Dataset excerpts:
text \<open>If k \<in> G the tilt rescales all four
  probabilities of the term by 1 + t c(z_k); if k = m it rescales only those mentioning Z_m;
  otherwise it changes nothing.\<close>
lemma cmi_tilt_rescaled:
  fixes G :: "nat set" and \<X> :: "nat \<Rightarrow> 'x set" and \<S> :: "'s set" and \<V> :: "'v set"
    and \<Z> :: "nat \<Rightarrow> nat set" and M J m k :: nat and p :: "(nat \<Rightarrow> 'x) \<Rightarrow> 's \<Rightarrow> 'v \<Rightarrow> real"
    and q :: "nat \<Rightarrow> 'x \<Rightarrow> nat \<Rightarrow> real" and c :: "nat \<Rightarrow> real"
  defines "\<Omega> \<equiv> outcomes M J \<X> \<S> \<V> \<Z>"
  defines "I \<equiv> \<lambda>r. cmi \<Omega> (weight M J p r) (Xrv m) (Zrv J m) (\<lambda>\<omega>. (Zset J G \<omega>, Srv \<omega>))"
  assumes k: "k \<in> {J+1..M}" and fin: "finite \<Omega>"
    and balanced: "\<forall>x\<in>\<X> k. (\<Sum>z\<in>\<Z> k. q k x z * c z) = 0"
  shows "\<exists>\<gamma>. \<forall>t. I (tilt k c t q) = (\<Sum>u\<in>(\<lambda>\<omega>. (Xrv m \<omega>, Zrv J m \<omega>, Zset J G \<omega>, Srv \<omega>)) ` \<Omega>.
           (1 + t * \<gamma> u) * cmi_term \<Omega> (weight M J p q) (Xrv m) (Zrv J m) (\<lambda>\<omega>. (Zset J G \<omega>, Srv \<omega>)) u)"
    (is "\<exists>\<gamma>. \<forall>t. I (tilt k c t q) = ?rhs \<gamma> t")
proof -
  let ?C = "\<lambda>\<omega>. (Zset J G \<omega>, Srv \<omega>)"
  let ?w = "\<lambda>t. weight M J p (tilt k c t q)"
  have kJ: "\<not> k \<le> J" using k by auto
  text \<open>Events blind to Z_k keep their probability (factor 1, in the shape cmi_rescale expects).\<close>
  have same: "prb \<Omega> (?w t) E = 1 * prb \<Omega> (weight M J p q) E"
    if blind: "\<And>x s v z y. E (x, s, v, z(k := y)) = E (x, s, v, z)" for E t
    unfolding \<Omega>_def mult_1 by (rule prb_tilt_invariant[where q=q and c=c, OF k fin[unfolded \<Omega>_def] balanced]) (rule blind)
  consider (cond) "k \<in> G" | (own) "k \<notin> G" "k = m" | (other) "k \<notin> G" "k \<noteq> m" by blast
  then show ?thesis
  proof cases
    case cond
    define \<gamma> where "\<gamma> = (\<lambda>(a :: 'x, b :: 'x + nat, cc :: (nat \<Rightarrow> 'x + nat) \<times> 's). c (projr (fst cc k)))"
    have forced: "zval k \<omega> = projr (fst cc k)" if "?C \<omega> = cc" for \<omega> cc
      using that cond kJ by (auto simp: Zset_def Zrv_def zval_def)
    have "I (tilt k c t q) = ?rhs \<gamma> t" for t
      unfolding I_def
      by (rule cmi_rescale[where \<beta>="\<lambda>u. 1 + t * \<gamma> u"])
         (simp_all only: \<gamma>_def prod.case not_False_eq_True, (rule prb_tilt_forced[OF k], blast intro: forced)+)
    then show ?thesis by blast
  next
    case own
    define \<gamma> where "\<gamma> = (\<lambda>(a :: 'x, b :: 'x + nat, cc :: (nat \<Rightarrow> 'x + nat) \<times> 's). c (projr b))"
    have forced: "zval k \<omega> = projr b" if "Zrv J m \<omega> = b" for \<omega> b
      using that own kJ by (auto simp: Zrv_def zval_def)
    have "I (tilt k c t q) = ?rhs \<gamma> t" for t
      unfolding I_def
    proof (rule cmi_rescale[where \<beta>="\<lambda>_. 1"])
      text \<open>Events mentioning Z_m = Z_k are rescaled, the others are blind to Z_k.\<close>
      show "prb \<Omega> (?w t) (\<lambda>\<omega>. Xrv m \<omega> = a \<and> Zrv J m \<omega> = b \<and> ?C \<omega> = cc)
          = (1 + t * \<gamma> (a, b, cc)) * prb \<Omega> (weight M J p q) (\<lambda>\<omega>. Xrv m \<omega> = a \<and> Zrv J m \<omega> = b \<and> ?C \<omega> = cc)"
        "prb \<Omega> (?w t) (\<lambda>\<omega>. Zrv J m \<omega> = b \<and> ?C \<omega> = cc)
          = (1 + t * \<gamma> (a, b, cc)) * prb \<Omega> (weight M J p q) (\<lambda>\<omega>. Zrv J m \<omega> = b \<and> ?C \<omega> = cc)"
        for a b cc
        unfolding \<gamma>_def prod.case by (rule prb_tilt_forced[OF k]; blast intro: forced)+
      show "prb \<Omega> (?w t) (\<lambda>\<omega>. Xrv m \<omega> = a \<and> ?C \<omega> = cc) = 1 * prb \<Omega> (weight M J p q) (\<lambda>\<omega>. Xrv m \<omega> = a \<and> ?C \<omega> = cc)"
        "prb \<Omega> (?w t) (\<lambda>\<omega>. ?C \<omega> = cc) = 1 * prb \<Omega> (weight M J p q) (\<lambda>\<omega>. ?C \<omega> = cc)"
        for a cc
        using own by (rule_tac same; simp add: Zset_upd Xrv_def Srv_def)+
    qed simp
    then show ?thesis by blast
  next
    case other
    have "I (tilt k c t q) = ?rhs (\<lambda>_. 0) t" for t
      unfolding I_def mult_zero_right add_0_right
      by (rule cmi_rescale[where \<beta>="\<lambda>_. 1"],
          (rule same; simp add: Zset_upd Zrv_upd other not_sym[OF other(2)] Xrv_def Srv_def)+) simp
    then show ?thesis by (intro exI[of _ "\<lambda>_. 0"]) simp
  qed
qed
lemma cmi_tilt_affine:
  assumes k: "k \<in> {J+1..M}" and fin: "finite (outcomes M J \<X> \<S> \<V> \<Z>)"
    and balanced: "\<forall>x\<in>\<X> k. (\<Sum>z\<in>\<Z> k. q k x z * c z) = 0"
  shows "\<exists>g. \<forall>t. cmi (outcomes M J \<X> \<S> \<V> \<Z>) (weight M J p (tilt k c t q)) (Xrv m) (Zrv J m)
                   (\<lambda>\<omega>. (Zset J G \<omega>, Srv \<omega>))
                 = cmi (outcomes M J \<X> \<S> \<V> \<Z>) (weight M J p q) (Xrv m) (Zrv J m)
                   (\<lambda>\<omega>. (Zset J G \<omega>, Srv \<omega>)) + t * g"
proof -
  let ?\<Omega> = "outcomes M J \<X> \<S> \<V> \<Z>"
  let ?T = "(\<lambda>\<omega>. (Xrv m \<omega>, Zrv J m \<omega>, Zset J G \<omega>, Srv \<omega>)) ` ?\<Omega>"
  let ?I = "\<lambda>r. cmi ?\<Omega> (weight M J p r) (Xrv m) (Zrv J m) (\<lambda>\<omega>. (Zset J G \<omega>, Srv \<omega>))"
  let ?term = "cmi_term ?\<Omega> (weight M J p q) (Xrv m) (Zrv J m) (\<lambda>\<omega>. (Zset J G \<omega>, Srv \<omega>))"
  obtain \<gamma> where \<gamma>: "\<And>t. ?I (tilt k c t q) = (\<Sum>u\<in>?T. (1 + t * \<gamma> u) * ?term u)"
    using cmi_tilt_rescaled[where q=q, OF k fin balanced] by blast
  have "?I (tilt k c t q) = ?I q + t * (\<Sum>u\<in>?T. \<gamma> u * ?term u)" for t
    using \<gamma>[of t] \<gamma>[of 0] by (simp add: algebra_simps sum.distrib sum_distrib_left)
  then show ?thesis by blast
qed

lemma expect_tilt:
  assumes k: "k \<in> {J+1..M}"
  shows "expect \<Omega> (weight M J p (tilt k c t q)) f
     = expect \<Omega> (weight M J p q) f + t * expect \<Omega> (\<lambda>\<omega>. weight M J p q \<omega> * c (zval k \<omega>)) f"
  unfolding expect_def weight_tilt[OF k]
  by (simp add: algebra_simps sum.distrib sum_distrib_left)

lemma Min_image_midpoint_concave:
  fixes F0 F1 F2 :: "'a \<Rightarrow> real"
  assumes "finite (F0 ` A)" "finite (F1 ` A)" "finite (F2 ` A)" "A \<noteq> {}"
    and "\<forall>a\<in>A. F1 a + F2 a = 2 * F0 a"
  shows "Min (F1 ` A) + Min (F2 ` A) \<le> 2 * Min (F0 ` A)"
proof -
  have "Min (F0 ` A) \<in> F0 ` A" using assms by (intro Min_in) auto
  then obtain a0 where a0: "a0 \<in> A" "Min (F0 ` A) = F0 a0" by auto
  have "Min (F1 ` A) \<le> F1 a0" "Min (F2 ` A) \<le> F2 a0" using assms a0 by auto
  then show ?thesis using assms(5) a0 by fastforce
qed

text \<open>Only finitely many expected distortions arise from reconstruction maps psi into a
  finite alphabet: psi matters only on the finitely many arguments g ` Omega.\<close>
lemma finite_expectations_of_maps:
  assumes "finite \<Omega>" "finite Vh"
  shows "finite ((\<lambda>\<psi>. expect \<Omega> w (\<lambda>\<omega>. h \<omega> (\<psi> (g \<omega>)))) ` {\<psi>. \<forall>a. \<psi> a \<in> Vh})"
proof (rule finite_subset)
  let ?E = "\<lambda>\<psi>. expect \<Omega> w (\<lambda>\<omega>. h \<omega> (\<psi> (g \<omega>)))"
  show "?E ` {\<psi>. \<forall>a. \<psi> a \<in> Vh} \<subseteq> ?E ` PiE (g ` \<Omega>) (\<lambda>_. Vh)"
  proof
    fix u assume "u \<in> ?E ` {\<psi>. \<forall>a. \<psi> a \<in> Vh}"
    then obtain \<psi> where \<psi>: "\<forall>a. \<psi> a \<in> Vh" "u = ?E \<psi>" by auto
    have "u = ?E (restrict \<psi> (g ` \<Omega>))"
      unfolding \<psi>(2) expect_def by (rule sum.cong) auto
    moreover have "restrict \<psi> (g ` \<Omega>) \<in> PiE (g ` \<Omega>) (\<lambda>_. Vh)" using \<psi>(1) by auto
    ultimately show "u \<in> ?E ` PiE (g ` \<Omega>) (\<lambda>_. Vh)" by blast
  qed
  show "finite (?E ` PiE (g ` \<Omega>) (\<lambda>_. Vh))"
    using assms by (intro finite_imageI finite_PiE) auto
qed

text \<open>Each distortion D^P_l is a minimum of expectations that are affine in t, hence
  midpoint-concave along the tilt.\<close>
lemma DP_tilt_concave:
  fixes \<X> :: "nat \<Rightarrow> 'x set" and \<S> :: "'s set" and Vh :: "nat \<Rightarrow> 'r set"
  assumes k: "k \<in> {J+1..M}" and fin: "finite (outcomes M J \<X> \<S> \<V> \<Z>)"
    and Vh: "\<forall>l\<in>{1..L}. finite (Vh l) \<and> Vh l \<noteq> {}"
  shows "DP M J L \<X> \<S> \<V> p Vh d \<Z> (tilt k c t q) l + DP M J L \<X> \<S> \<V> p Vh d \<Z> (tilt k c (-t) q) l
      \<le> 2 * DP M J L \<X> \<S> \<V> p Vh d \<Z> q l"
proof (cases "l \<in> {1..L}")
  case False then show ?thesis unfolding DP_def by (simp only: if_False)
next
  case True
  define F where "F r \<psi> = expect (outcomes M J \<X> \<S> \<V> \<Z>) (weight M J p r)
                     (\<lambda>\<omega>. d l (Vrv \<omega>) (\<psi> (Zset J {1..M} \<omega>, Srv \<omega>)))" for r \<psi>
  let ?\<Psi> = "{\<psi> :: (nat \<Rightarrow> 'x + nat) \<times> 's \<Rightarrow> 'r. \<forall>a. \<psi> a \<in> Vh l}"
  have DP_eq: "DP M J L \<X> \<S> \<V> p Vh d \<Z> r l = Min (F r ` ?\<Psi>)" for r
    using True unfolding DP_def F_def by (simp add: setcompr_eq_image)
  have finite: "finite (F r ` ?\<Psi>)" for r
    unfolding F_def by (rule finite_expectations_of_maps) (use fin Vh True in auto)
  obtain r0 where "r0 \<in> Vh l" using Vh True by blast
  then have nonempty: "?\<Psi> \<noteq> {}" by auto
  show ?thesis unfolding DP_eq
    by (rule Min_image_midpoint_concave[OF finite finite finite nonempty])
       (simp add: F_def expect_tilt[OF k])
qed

(WHAT YOU NEED TO DO): Look above for the line containing "for \<omega> b" and the line containing "text \<open>Events mentioning". Transcribe both, with the lines between them, exactly.

(ANSWER TO THE EXERCISE):
    have forced: "zval k \<omega> = projr b" if "Zrv J m \<omega> = b" for \<omega> b
      using that own kJ by (auto simp: Zrv_def zval_def)
    have "I (tilt k c t q) = ?rhs \<gamma> t" for t
      unfolding I_def
    proof (rule cmi_rescale[where \<beta>="\<lambda>_. 1"])
      text \<open>Events mentioning Z_m = Z_k are rescaled, the others are blind to Z_k.\<close>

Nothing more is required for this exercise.